Tejal Doshi

What’s Worth It

Content Warnings: graphic descriptions of self-harm, panic attack

Previously published in Cathartic Youth Literary Magazine as Editors’ Choice Piece

She’s fighting it. She’s fighting it as hard as she can, trying to slip back into sleep, dark, oblivion, any place where she’s not awake. But consciousness hovers at the cusp of her sight and the blocks of daylight stabbing her eyelids are very real. She’s still very alive.

Pain spikes in her arms, burning like fire, and then cascades upon her body along with a headache. Her sight flashes black and white. Blood stains her bedsheets, her clothes, her blade — the glinting silver thing that she has married to her body. I’ve done it again, she realizes, squeezing her eyes close.

A scream creeps up the girl’s throat and then rips it apart.

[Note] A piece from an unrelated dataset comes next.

(* Let $1\le m\le J$. Then (i) $|\hat\varphi_{[m],l}[n]|=|\hat\psi_{[m],l}[n]|$ for all $n$ and all $0\le l\le 2^m-1$; (ii) $\varphi_{[m],l}=H(\psi_{[m],l})$ whenever $1\le l\le 2^m-2$; (iii) for all $l,\lambda\in\{0,\dots,2^m-1\}$ and $p,s\in\{0,\dots,N/2^m-1\}$, $$\langle \varphi_{[m],l}[\cdot-2^m p],\,\varphi_{[m],\lambda}[\cdot-2^m s]\rangle=\delta_{l,\lambda}\,\delta_{p,s},$$ so $\{\varphi_{[m],l}[\cdot-2^m p]\}$ is an orthonormal basis of $\Pi[N]$.
   Context: Let $N=2^{J}$ with $J\ge 1$ an integer and $\omega=e^{2\pi i/N}$. $\Pi[N]$ denotes the real vector space of real-valued $N$-periodic sequences $x=\{x[k]\}_{k\in\mathbb Z}$, with inner product $\langle x,y\rangle=\sum_{k=0}^{N-1}x[k]y[k]$ and norm $\|x\|=\langle x,x\rangle^{1/2}$. The DFT of an $N$-periodic sequence is $\hat x[n]=\sum_{k=0}^{N-1}x[k]\omega^{-kn}$, with inverse $x[k]=\frac1N\sum_{n=0}^{N-1}\hat x[n]\omega^{kn}$. For $x\in\Pi[N]$, its discrete periodic Hilbert transform $H(x)\in\Pi[N]$ has DFT $\widehat{H(x)}[n]=-i\hat x[n]$ for $0<n<N/2$, $=i\hat x[n]$ for $N/2<n<N$, and $=0$ for $n\in\{0,N/2\}$ (indices mod $N$). Discrete-spline wavelet packets: fix an integer $r\ge1$; let $U[n]=\tfrac12\big(\cos^{4r}\tfrac{\pi n}{N}+\sin^{4r}\tfrac{\pi n}{N}\big)$, $\beta[n]=\cos^{2r}\tfrac{\pi n}{N}/\sqrt{U[n]}$, $\alpha[n]=\omega^{n}\sin^{2r}\tfrac{\pi n}{N}/\sqrt{U[n]}$, and $\gamma_0=\beta$, $\gamma_1=\alpha$. The wavelet packets $\psi_{[m],l}\in\Pi[N]$, $1\le m\le J$, $0\le l\le 2^m-1$, are defined by their DFTs: $\hat\psi_{[1],0}=\beta$, $\hat\psi_{[1],1}=\alpha$, and for $1\le m<J$, $\lambda\in\{0,\dots,2^m-1\}$, $\mu\in\{0,1\}$: $\hat\psi_{[m+1],\rho}[n]=\gamma_\mu[2^m n]\,\hat\psi_{[m],\lambda}[n]$, where $\rho=2\lambda+\mu$ if $\lambda$ is even and $\rho=2\lambda+1-\mu$ if $\lambda$ is odd. Known facts (may be assumed): for each $m$, $\{\psi_{[m],l}[\cdot-2^m p]:0\le l\le 2^m-1,\,0\le p<N/2^m\}$ is an orthonormal basis of $\Pi[N]$; $\hat\psi_{[m],l}[0]=0$ for $l\ne0$, and $\hat\psi_{[m],l}[N/2]=0$ for $l\neq 2^m-1$. Complementary wavelet packets: $\varphi_{[m],l}\in\Pi[N]$ is defined by its DFT $\hat\varphi_{[m],l}[n]=-i\hat\psi_{[m],l}[n]$ for $0<n<N/2$, $=i\hat\psi_{[m],l}[n]$ for $N/2<n<N$, and $=\hat\psi_{[m],l}[n]$ for $n\in\{0,N/2\}$. *)

theory Defs
  imports "HOL-Analysis.Analysis"
begin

“Hey. Hey, hey,” a voice says.

She tears her eyes open, wanting to draw the blinds, wanting to stuff the clothes strewn across the floor under her bed, wanting to look anywhere but into those green eyes. Her older brother. Something twists in her chest — twists her lungs, trying to squeeze out the oxygen, tightening her breaths.

“Sorry,” she whispers, but she’s only sorry that she’s alive. “I — I didn’t mean to — I was going to clean up but I fell asleep. I’m sorry, I’m a terrible person.”

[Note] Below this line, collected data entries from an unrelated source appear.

lemma telegraph_operator_radial:
  fixes f :: "(real ^ 'n) \<times> real \<Rightarrow> real" and c lam K t w :: real
  assumes f_eq: "\<And>y r. c ^ 2 * r ^ 2 - norm y ^ 2 > 0
      \<Longrightarrow> f (y, r) = K * exp (- lam * r) * G (c ^ 2 * r ^ 2 - norm y ^ 2)"
    and G': "\<And>w. (G has_field_derivative G' w) (at w)"
    and G'': "\<And>w. (G' has_field_derivative G'' w) (at w)"
    and w_def: "w = c ^ 2 * t ^ 2 - norm x ^ 2" and "w > 0"
  shows "twice_diff_along f (x, t) (0, 1)
    \<and> (\<forall>j. twice_diff_along f (x, t) (axis j 1, 0))
    \<and> dir_deriv2 f (x, t) (0, 1) + 2 * lam * dir_deriv f (x, t) (0, 1)
        - c ^ 2 * (\<Sum>j\<in>UNIV. dir_deriv2 f (x, t) (axis j 1, 0))
      = K * exp (- lam * t) * (4 * c ^ 2 * w * G'' w + 2 * (real CARD('n) + 1) * c ^ 2 * G' w - lam ^ 2 * G w)"
proof -
  note time = radial_dir_derivs_time[OF assms]
  note axis = radial_dir_derivs_axis[OF assms]
  have "norm x ^ 2 = (\<Sum>j\<in>UNIV. (x $ j) ^ 2)"
    unfolding power2_norm_eq_inner by (simp add: inner_vec_def power2_eq_square)
  have "(\<Sum>j\<in>UNIV. dir_deriv2 f (x, t) (axis j 1, 0))
      = (\<Sum>j\<in>UNIV. 4 * K * exp (- lam * t) * G'' w * (x $ j) ^ 2 - 2 * K * exp (- lam * t) * G' w)"
    using axis by (intro sum.cong) (simp_all add: algebra_simps)
  also have "\<dots> = K * exp (- lam * t) * (4 * norm x ^ 2 * G'' w - 2 * real CARD('n) * G' w)"
    by (simp add: \<open>norm x ^ 2 = _\<close> sum_subtractf sum_distrib_left[symmetric] algebra_simps)
  finally have laplacian: "(\<Sum>j\<in>UNIV. dir_deriv2 f (x, t) (axis j 1, 0))
      = K * exp (- lam * t) * (4 * norm x ^ 2 * G'' w - 2 * real CARD('n) * G' w)" .
  have "dir_deriv2 f (x, t) (0, 1) + 2 * lam * dir_deriv f (x, t) (0, 1)
        - c ^ 2 * (\<Sum>j\<in>UNIV. dir_deriv2 f (x, t) (axis j 1, 0))
      = K * exp (- lam * t) * (4 * c ^ 2 * w * G'' w + 2 * (real CARD('n) + 1) * c ^ 2 * G' w - lam ^ 2 * G w)"
    by (simp only: laplacian time[THEN conjunct2, THEN conjunct1] time[THEN conjunct2, THEN conjunct2]
        w_def) algebra
  with time axis show ?thesis
    by blast
qed

theorem theorem4p1:
  fixes c lam t :: real and x :: "real ^ 3"
  assumes "c > 0" and "lam > 0" and "t > 0" and "norm x < c * t"
  shows "twice_diff_along (u_dens c lam) (x, t) (0, 1)
    \<and> (\<forall>j. twice_diff_along (u_dens c lam) (x, t) (axis j 1, 0))
    \<and> dir_deriv2 (u_dens c lam) (x, t) (0, 1) + 2 * lam * dir_deriv (u_dens c lam) (x, t) (0, 1)
        - c^2 * (\<Sum>j\<in>UNIV. dir_deriv2 (u_dens c lam) (x, t) (axis j 1, 0)) = 0"
proof -
  define G where "G = pseries (I1_coeff (lam / c))"
  define w where "w = c ^ 2 * t ^ 2 - norm x ^ 2"
  have "norm x ^ 2 < (c * t) ^ 2"
    using assms by (simp add: power_strict_mono)
  then have "w > 0"
    by (simp add: w_def power_mult_distrib)
  have u_eq: "c ^ 2 * r ^ 2 - norm y ^ 2 > 0
      \<Longrightarrow> u_dens c lam (y, r) = (lam / (2 * c)) ^ 2 / pi * exp (- lam * r) * G (c ^ 2 * r ^ 2 - norm y ^ 2)"
    for y :: "real ^ 3" and r
    unfolding G_def using \<open>c > 0\<close> by (simp add: u_dens_eq_pseries)
  have "4 * c ^ 2 * w * pseries (diffs (diffs (I1_coeff (lam / c)))) w
      + 2 * (real CARD(3) + 1) * c ^ 2 * pseries (diffs (I1_coeff (lam / c))) w - lam ^ 2 * G w = 0"
    using I1_coeff_pseries_ode[of w "lam / c"] \<open>c > 0\<close>
    by (simp add: G_def power_divide field_simps)
  with telegraph_operator_radial[OF u_eq pseries_I1_coeff_has_field_derivative[of "lam / c", folded G_def] w_def \<open>w > 0\<close>]
  show ?thesis
    by simp
qed

end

I’m sorry,” he says, “for not being there.” His voice shatters her into tumbling fragments of flesh. Again. Again. She bundles the bedsheet tangled around her body into her arms.

“I’m sorry. It’s how I cope.” She chokes on her words, trembling.

“Hey. Can we do something? You and me? Together?”

“What?” Her voice rasps through clenched teeth.

“Let’s make a list of things that are worth it to keep going for. Okay? This isn’t the end. We’ll figure this out together. I promise. You’re not alone. You have me and Mom and Dad and we’re here for you.” He leans down and kisses her forehead, his lips soft against her sweaty forehead, his breath warm on her damp cheeks. Then he crouches to clean up her mess. Her mess.

She knows he’s going to take her to the hospital next. She hates that place, the stark walls that stiffen her, the faces that throw words into her mouth and expect her to offer them back.

“I’m proud of you,” her brother says, straightening. “I know we don’t tell you that much. I’m proud of you.”

She stares at him, at the shadows beneath his pearly eyes, at his quickly-worn clothes, very aware of the crimson smeared around her — very aware of the jagged scars. “Why?”

“For being alive. For making it this far. You’re stronger than I could ever imagine.” His voice cracks. “I mean that.”

She lowers her eyes, counting her fingers. One, two, three, four, five. She is alive.

“I know what’s worth going on for,” she whispers. “You.”

Tejal Doshi is a high school sophomore from India who enjoys writing speculative, young adult, and flash fiction, as well as poetry. Her work appears in Blue Marble Review, The WEIGHT Journal, and elsewhere. Other than writing, she has an interest in finance, mental health advocacy, and making brilliant jokes that nobody laughs at—absurd, isn’t it?